Switching locale at runtime
Call MessageCatalog.locale("de_DE"). This fires <<LocaleChanged>> on the
root window — every widget holding a translation or value-format spec
re-resolves itself immediately.
value_format= is the easiest way to see this live, because number and date
formatting reacts to locale without any catalog setup:
import bootstack as bs
from bootstack import MessageCatalog
from datetime import date
app = bs.App(title="Switcher", minsize=(400, 200), settings=bs.AppSettings(locale="en_US"))
bs.Label(app, text=1234.56, value_format="currency", font="heading-md").pack(pady=10)
bs.Label(app, text=date.today(), value_format="longDate").pack()
bar = bs.PackFrame(app, direction="horizontal", gap=8)
bar.pack(pady=10)
bs.Button(bar, text="English", command=lambda: MessageCatalog.locale("en_US")).pack(side="left")
bs.Button(bar, text="Español", command=lambda: MessageCatalog.locale("es_ES")).pack(side="left")
bs.Button(bar, text="Deutsch", command=lambda: MessageCatalog.locale("de_DE")).pack(side="left")
app.mainloop()
Click a button and the currency symbol, decimal separator, and date order
all update immediately. Translated strings (L() specs) re-resolve the same
way, but you won't see a change unless a catalog with the target translations
is loaded — see Pointing the catalog at your domain
for that setup.
To listen for locale changes yourself:
def refresh_my_view(event):
print(f"locale is now {MessageCatalog.locale()}")
app.bind("<<LocaleChanged>>", refresh_my_view, add="+")
Reactive signals with value_format=
Widgets that take a Signal for their value also accept a value_format=
kwarg. The signal stays in its raw type (a number, a date) and the widget
displays it formatted for the current locale:
import bootstack as bs
app = bs.App(title="Live price", minsize=(400, 200), settings=bs.AppSettings(locale="fr_FR"))
price = bs.Signal(0.0)
# Display the signal as currency in the active locale
bs.Label(app, textsignal=price, value_format="currency").pack(pady=20)
# price=12.5 → "12,50 €" in fr_FR; "$12.50" in en_US
bs.Button(app, text="Add 5", command=lambda: price.set(price.get() + 5)).pack()
app.mainloop()
When the locale switches, the displayed string re-formats automatically; when the signal updates, it formats with the current locale. This is the right tool for live-updating numeric displays (prices, counters, percentages).
Locale-aware widgets
Several input widgets honor the locale settings out of the box:
| Widget | What honors locale |
|---|---|
bs.DateEntry |
Display format (settings.date_format), first day of week |
bs.TimeEntry |
Display format (settings.time_format), 12/24-hour |
bs.NumericEntry |
Decimal separator, thousands separator |
bs.Calendar |
Month and weekday names |
These pick up format strings from app.settings (auto-derived from the
locale via Babel), so setting the locale typically gives you correct
formatting without further config. Override individual format strings via
bs.AppSettings if you need to:
app = bs.App(settings=bs.AppSettings(locale="en_GB", date_format="d MMM yyyy"))
Patterns
Language switcher in the title bar
The switcher calls MessageCatalog.locale() — but you need locale-sensitive
content on the page to see it work. LV() date and number formatting responds
immediately without any catalog setup:
import bootstack as bs
from bootstack import MessageCatalog
from datetime import date
app = bs.AppShell(title="Languages", minsize=(600, 300), settings=bs.AppSettings(locale="en_US"))
page = app.add_page("main", text="Main", icon="house")
app.navigate("main")
bs.Label(page, text=1234.56, value_format="currency", font="heading-md").pack(pady=10)
bs.Label(page, text=date.today(), value_format="longDate", font="body").pack()
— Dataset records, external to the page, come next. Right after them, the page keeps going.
lemma regret_ge_sum_gap_emeasure:
  assumes A: "\<And>t. A t \<in> sets (env G)"
    and gap: "\<And>t \<omega>. \<omega> \<in> A t \<Longrightarrow> \<delta> \<le> rew G 1 (bstar G 1 \<alpha>) \<alpha> - rew G 1 (\<pi> t \<omega>) \<alpha>"
  shows "(\<Sum>t<T. ennreal \<delta> * emeasure (env G) (A t)) \<le> regret \<pi> G \<alpha> T"
  unfolding regret_def
proof (rule sum_mono)
  fix t
  have "ennreal \<delta> * emeasure (env G) (A t) = (\<integral>\<^sup>+\<omega>. ennreal \<delta> * indicator (A t) \<omega> \<partial>env G)"
    using A by (simp add: nn_integral_cmult_indicator)
  also have "\<dots> \<le> (\<integral>\<^sup>+\<omega>. ennreal (rew G 1 (bstar G 1 \<alpha>) \<alpha> - rew G 1 (\<pi> t \<omega>) \<alpha>) \<partial>env G)"
    using gap by (intro nn_integral_mono) (auto split: split_indicator intro: ennreal_leI)
  finally show "ennreal \<delta> * emeasure (env G) (A t)
    \<le> (\<integral>\<^sup>+\<omega>. ennreal (rew G 1 (bstar G 1 \<alpha>) \<alpha> - rew G 1 (\<pi> t \<omega>) \<alpha>) \<partial>env G)" .
qed

lemma bid_events_in_sets_env:
  assumes "admissible_strategy \<pi>" "sets G = sets borel"
  shows "{\<omega>. h \<le> \<pi> t \<omega>} \<in> sets (env G)" "{\<omega>. \<pi> t \<omega> < h} \<in> sets (env G)"
  using bid_events_in_sets[OF assms(1)] sets_env[OF assms(2)] by simp_all

lemma regret_two_point_above:
  assumes adm: "admissible_strategy \<pi>" and \<alpha>: "0 \<le> \<alpha>" "\<alpha> < 1"
    and p: "indifference_prob \<alpha> < p" "p \<le> 1"
  shows "(\<Sum>t<T. ennreal ((p - indifference_prob \<alpha>) / 2) * emeasure (env (two_point p)) {\<omega>. 1/2 \<le> \<pi> t \<omega>})
    \<le> regret \<pi> (two_point p) \<alpha> T"
proof (rule regret_ge_sum_gap_emeasure)
  show "{\<omega>. 1/2 \<le> \<pi> t \<omega>} \<in> sets (env (two_point p))" for t
    by (rule bid_events_in_sets_env(1)[OF adm sets_two_point])
  show "(p - indifference_prob \<alpha>) / 2
      \<le> rew (two_point p) 1 (bstar (two_point p) 1 \<alpha>) \<alpha> - rew (two_point p) 1 (\<pi> t \<omega>) \<alpha>"
    if "\<omega> \<in> {\<omega>. 1/2 \<le> \<pi> t \<omega>}" for t \<omega>
    unfolding bstar_two_point_above[OF \<alpha> p]
    using that rew_gap_two_point_above[OF \<alpha> p] by simp
qed

lemma regret_two_point_below:
  assumes adm: "admissible_strategy \<pi>" and \<alpha>: "0 \<le> \<alpha>" "\<alpha> < 1"
    and p: "0 \<le> p" "p < indifference_prob \<alpha>"
  shows "(\<Sum>t<T. ennreal ((indifference_prob \<alpha> - p) / 2) * emeasure (env (two_point p)) {\<omega>. \<pi> t \<omega> < 1/2})
    \<le> regret \<pi> (two_point p) \<alpha> T"
proof (rule regret_ge_sum_gap_emeasure)
  show "{\<omega>. \<pi> t \<omega> < 1/2} \<in> sets (env (two_point p))" for t
    by (rule bid_events_in_sets_env(2)[OF adm sets_two_point])
  show "(indifference_prob \<alpha> - p) / 2
      \<le> rew (two_point p) 1 (bstar (two_point p) 1 \<alpha>) \<alpha> - rew (two_point p) 1 (\<pi> t \<omega>) \<alpha>"
    if "\<omega> \<in> {\<omega>. \<pi> t \<omega> < 1/2}" for t \<omega>
    unfolding bstar_two_point_below[OF \<alpha> p]
    using that rew_gap_two_point_below[OF \<alpha> p admissible_strategy_nonneg[OF adm]] by simp
qed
LANGS = [("English", "en_US"), ("Español", "es_ES"), ("Deutsch", "de_DE")]
for label, code in LANGS:
app.toolbar.add_button(text=label, command=lambda c=code: MessageCatalog.locale(c))
app.mainloop()
Clicking a language button re-formats the amount and date immediately — the
currency symbol, decimal separator, and date order all update. For translated
strings (L() specs), you also need MessageCatalog.init() pointing at your
.mo files (see Pointing the catalog at your domain).
Localized form
With localize="auto" in effect (the default), every label and text
string in a declarative form becomes a translation lookup. No L()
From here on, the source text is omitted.